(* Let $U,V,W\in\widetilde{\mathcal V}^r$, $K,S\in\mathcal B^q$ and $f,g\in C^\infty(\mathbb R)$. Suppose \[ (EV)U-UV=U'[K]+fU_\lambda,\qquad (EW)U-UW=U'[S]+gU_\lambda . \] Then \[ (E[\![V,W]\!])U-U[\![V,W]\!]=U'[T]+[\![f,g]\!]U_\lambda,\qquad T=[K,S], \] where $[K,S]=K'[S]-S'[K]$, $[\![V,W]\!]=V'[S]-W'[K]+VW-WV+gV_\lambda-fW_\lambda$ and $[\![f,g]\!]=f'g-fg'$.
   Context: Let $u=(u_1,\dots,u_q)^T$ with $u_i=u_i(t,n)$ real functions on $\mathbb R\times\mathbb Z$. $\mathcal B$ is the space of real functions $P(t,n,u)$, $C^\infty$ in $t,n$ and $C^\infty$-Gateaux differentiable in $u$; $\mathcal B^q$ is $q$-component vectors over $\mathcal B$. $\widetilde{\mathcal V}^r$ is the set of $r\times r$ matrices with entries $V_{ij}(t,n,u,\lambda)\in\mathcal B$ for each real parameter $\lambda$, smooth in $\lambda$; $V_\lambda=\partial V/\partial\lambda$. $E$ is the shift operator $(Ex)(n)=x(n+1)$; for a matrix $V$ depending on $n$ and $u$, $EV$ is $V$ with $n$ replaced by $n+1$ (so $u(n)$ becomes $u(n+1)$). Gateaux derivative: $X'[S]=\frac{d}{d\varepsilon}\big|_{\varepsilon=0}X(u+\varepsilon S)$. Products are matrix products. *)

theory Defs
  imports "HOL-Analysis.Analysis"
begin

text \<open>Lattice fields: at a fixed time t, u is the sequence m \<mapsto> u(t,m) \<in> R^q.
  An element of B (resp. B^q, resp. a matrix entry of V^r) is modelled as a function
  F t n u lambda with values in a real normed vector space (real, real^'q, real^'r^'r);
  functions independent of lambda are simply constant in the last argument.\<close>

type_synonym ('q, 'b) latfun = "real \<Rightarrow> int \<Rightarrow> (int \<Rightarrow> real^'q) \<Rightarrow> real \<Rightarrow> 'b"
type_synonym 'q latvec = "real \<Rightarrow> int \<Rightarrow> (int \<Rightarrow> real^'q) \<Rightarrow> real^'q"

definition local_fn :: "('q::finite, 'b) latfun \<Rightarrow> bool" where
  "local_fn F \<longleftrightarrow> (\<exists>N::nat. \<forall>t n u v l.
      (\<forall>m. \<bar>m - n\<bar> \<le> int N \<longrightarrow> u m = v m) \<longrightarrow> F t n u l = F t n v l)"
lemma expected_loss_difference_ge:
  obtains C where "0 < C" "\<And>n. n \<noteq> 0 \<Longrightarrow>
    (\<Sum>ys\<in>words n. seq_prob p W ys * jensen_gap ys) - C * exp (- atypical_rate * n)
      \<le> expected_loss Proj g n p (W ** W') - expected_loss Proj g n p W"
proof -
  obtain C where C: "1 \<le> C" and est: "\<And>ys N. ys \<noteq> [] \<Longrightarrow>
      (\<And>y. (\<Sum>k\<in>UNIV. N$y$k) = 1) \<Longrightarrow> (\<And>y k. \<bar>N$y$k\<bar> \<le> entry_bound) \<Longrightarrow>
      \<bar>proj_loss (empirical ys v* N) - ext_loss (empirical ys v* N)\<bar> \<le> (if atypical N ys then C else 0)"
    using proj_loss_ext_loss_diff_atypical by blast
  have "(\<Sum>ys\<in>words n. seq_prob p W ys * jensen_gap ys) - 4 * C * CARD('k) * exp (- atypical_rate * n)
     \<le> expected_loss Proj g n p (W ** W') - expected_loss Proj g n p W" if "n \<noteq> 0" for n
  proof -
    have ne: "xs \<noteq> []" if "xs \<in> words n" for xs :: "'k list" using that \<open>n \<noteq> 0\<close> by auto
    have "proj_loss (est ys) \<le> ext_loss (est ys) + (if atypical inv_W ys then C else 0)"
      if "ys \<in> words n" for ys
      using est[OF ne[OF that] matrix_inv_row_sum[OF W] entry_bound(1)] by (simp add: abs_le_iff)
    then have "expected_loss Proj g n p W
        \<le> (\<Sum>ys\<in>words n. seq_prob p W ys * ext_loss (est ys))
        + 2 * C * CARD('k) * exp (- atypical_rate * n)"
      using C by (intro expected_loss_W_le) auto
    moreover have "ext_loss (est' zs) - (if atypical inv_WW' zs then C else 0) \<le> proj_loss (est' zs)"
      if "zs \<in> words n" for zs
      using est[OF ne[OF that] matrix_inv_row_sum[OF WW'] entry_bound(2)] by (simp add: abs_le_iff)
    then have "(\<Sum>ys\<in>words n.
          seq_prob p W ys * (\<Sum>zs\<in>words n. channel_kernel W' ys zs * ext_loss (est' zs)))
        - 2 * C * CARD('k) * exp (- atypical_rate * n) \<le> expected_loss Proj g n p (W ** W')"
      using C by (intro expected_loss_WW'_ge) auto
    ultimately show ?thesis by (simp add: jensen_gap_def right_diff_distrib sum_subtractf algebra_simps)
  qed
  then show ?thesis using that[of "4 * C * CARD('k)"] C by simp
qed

• THE PROBLEM: Begin with the first line of the listing and copy exactly through the line that contains "theory Defs", please, keeping both ends and leaving out everything after.

• SOLUTION:
(* Let $U,V,W\in\widetilde{\mathcal V}^r$, $K,S\in\mathcal B^q$ and $f,g\in C^\infty(\mathbb R)$. Suppose \[ (EV)U-UV=U'[K]+fU_\lambda,\qquad (EW)U-UW=U'[S]+gU_\lambda . \] Then \[ (E[\![V,W]\!])U-U[\![V,W]\!]=U'[T]+[\![f,g]\!]U_\lambda,\qquad T=[K,S], \] where $[K,S]=K'[S]-S'[K]$, $[\![V,W]\!]=V'[S]-W'[K]+VW-WV+gV_\lambda-fW_\lambda$ and $[\![f,g]\!]=f'g-fg'$.
   Context: Let $u=(u_1,\dots,u_q)^T$ with $u_i=u_i(t,n)$ real functions on $\mathbb R\times\mathbb Z$. $\mathcal B$ is the space of real functions $P(t,n,u)$, $C^\infty$ in $t,n$ and $C^\infty$-Gateaux differentiable in $u$; $\mathcal B^q$ is $q$-component vectors over $\mathcal B$. $\widetilde{\mathcal V}^r$ is the set of $r\times r$ matrices with entries $V_{ij}(t,n,u,\lambda)\in\mathcal B$ for each real parameter $\lambda$, smooth in $\lambda$; $V_\lambda=\partial V/\partial\lambda$. $E$ is the shift operator $(Ex)(n)=x(n+1)$; for a matrix $V$ depending on $n$ and $u$, $EV$ is $V$ with $n$ replaced by $n+1$ (so $u(n)$ becomes $u(n+1)$). Gateaux derivative: $X'[S]=\frac{d}{d\varepsilon}\big|_{\varepsilon=0}X(u+\varepsilon S)$. Products are matrix products. *)

theory Defs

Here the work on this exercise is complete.